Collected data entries
——

definition moebius :: "int \<Rightarrow> int \<Rightarrow> int \<Rightarrow> int \<Rightarrow> complex \<Rightarrow> complex" where
  "moebius p q r s \<tau> = (of_int p * \<tau> + of_int q) / (of_int r * \<tau> + of_int s)"

text \<open>f has order m at infinity with respect to the local parameter
  q = exp(2 pi i tau / h): for Im tau large, f(tau) = q^m g(q) with g holomorphic
  near 0 and g(0) nonzero, i.e. the q-expansion of f starts with a nonzero
  coefficient at q^m.\<close>
definition has_q_order :: "(complex \<Rightarrow> complex) \<Rightarrow> real \<Rightarrow> int \<Rightarrow> bool" where
  "has_q_order f h m \<longleftrightarrow>
     (\<exists>r>0. \<exists>g. g holomorphic_on ball 0 r \<and> g 0 \<noteq> 0 \<and>
        (\<exists>y0. \<forall>\<tau>. Im \<tau> > y0 \<longrightarrow>
            (let q = exp (2 * of_real pi * \<i> * \<tau> / of_real h)
             in q \<in> ball 0 r \<and> f \<tau> = q powi m * g q)))"

definition brace :: "int \<Rightarrow> int \<Rightarrow> int \<Rightarrow> int" where
  "brace N D n = (THE x. 0 \<le> x \<and> 2 * x \<le> N div D \<and>
     (\<exists>\<mu> \<in> {1, -1}. [n = \<mu> * x] (mod (N div D)) \<and>
        ((x = 0 \<or> 2 * x = N div D) \<longrightarrow> \<mu> = 1)))"

end

theory Submission
  imports Defs
begin

text \<open>
  Sum the lattice series of wp row by row. By the reflection formula for the trigamma
  function, row n contributes (2 pi i)^2 F(e(z - n tau)), where F(x) = x / (1 - x)^2 is row_kernel and
  e(w) = exp(2 pi i w). After the substitution wp(a/N; gamma tau) = j^2 wp(a j/N; tau),
  j = r tau + s, the argument of row n becomes zeta q^(a r' - n M), where r = D r', M = N/D,
  q = e(tau/M) and zeta = e(a s/N). Summing over n, wp(a1/N) - wp(a2/N) becomes
  (2 pi i)^2 q^m G(q) with G holomorphic at 0 and m = min(b1, b2), where b_i, the distance
  from a_i r' to the nearest multiple of M, equals {a_i t'}_D. Since gcd(r', M) = gcd(s, D) = 1,
  the conditions on a1 and a2 make G(0) nonzero. The order of W is therefore the difference
  of two such exponents.
\<close>

section \<open>The lattice series\<close>

abbreviation lattice_point :: "complex \<Rightarrow> int \<Rightarrow> int \<Rightarrow> complex" where
  "lattice_point \<tau> m n \<equiv> of_int m + of_int n * \<tau>"

lemma has_sum_diff:
  fixes f g :: "'a \<Rightarrow> 'b::topological_ab_group_add"
  assumes "(f has_sum a) A" "(g has_sum b) A"
  shows "((\<lambda>x. f x - g x) has_sum (a - b)) A"
proof -
  have "((\<lambda>x. - g x) has_sum - b) A" using assms(2) by (simp add: has_sum_uminus)
  from has_sum_add[OF assms(1) this] show ?thesis by simp
qed

lemma has_sum_int_from_nat:
  fixes f :: "int \<Rightarrow> 'a::topological_comm_monoid_add"
  assumes "((\<lambda>k. f (int k)) has_sum A) UNIV" and "((\<lambda>k. f (- int k - 1)) has_sum B) UNIV"
  shows "(f has_sum (A + B)) UNIV"
proof -
  have "(f has_sum A) (range int)"
    using assms(1) by (subst has_sum_reindex) (auto simp: o_def)
  moreover have "(f has_sum B) (range (\<lambda>k. - int k - 1))"
    using assms(2) by (subst has_sum_reindex) (auto simp: o_def inj_on_def)
  ultimately have "(f has_sum (A + B)) (range int \<union> range (\<lambda>k. - int k - 1))"
    by (rule has_sum_Un_disjoint) auto
  moreover have "range int \<union> range (\<lambda>k. - int k - 1) = UNIV"
  proof -
    have "x \<in> range (\<lambda>k. - int k - 1)" if "x < 0" for x :: int
      using that by (intro image_eqI[of _ _ "nat (- x - 1)"]) auto
    moreover have "x \<in> range int" if "x \<ge> 0" for x :: int
      using that by (intro image_eqI[of _ _ "nat x"]) auto
    ultimately show ?thesis by (metis UNIV_eq_I UnCI linorder_not_le)
  qed
  ultimately show ?thesis by simp
qed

——

### Requirement
In the entries above, tally the lines containing the word "text" and return only the tally.

### Response to the exercise
2